Participants : Olivier Sentieys, Joel Ortiz Sosa.

Wireless Network-on-Chip (WiNoC) is one of the most promising solutions to overcome multi-hop latency and high power consumption of modern many/multi core System-on- Chip (SoC). However, the design of efficient wireless links faces challenges to overcome multi-path propagation present in realistic WiNoC channels. In order to alleviate such channel effect, we propose a Time-Diversity Scheme (TDS) to enhance the reliability of on-chip wireless links using a semi-realistic channel model in [45]. First, we study the significant performance degradation of state-of-the-art wireless transceivers subject to different levels of multi-path propagation. Then we investigate the impact of using some channel correction techniques adopting standard performance metrics. Experimental results show that the proposed Time-Diversity Scheme significantly improves Bit Error Rate (BER) compared to other techniques. Moreover, our TDS allows for wireless communication links to be established in conditions where this would be impossible for standard transceiver architectures. Results on the proposed complete transceiver, designed using a 28-nm FDSOI technology, show a power consumption of 0.63mW at 1.0V and an area of 317 μm2. Full channel correction is performed in one single clock cycle.

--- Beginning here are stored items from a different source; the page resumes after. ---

lemma E_space_expand:
  fixes u :: "('v,'a) path \<Rightarrow> 'k::field"
  assumes "u \<in> E_space B" "d \<in> B"
  shows "u d = (\<Sum>e\<in>Q0. u (e, []) * pt (e, []) d)"
proof (cases "snd d = []")
  case True
  then obtain v where d: "d = (v, [])" by (cases d) simp
  have "v \<in> Q0" using assms(2) d unfolding Bset_def valid_path_def by auto
  then show ?thesis using d by (simp add: pt_def finite_Q0 if_distrib[where f = "\<lambda>z. _ * z"] cong: if_cong)
next
  case False
  then show ?thesis using assms(1) unfolding E_space_def by (cases d) (auto simp: pt_def)
qed

lemma Lam_E_E_commute:
  assumes w: "w \<in> Lam_E" and u: "u \<in> E_space B"
  shows "w \<cdot> u = u \<cdot> w"
proof -
  let ?U = "\<lambda>q. \<Sum>e\<in>Q0. u (e, []) * pt (e, []) q"
  have "w \<cdot> u = w \<cdot> ?U" by (rule mult_cong) (simp_all add: E_space_expand[OF u])
  also have "\<dots> = (\<lambda>d. \<Sum>e\<in>Q0. u (e, []) * (w \<cdot> pt (e, [])) d)"
    by (rule ext) (rule mult_sum_right[OF finite_Q0])
  also have "\<dots> = (\<lambda>d. \<Sum>e\<in>Q0. u (e, []) * (pt (e, []) \<cdot> w) d)"
    using Lam_E_vertex_commute[OF w] by simp
  also have "\<dots> = ?U \<cdot> w"
    by (rule ext) (rule mult_sum_left[OF finite_Q0, symmetric])
  also have "\<dots> = u \<cdot> w" by (rule mult_cong) (simp_all add: E_space_expand[OF u])
  finally show ?thesis .
qed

Optical Network-on-Chip (ONoC) for 3D Multiprocessor Architectures

Participants : Jiating Luo, Van Dung Pham, Cédric Killian, Daniel Chillet, Olivier Sentieys.

Photonics on silicon is now a technology that offers real opportunities in the context of multiprocessor interconnect. The optical medium can support multiple transactions at the same time on different wavelengths by using Wavelength Division Multiplexing (WDM). Moreover, multiple wavelengths can be gathered as high-bandwidth channel to reduce transmission latency. However, multiple signals sharing simultaneously a waveguide lead to inter-channel crosstalk noise. This problem impacts the Signal to Noise Ratio (SNR) of the optical signal, which increases the Bit Error Rate (BER) at the receiver side. We formulated the crosstalk noise and latency models and then proposed a Wavelength Allocation (WA) method in a ring-based WDM ONoC to reach performance and energy trade-offs based on application constraints. We show that for a 16-cluster ONoC architecture using 12 wavelengths, more than 105 allocation solutions exist and only 51 are on a Pareto front giving a tradeoff between latency and energy per bit derived from the BER. These optimized solutions reduce the execution time of the application by 37% and the energy from 7.6fJ/bit to 4.4fJ/bit. In [22], we define high-level mechanisms which can handle wavelength allocation protocol of the communication medium for each data transfer between tasks. Indeed, the optical wavelengths are a shared resource between all the electrical computing clusters and are allocated at run time according to application needs and quality of service. We produce the communication configurations which are defined by the number of wavelengths for each communication, the level of quality for the communications, and the laser power levels. In [35], we define an Optical-Network-Interface (ONI) to connect a cluster of processors to the optical communication medium. This interface, constrained by the 10 Gb/s data-rate of the lasers, integrates Error Correcting Codes (ECC), laser drivers, and a communication manager. The ONI can select, at run-time, the communication mode to use depending on performance, latency or power constraints. The use of ECC is based on redundant bits which increases the transmission time, but saves power for a given Bit Error Rate (BER). Furthermore, the use of several wavelengths in parallel reduces latency and increases bandwidth, but also increases communication loss.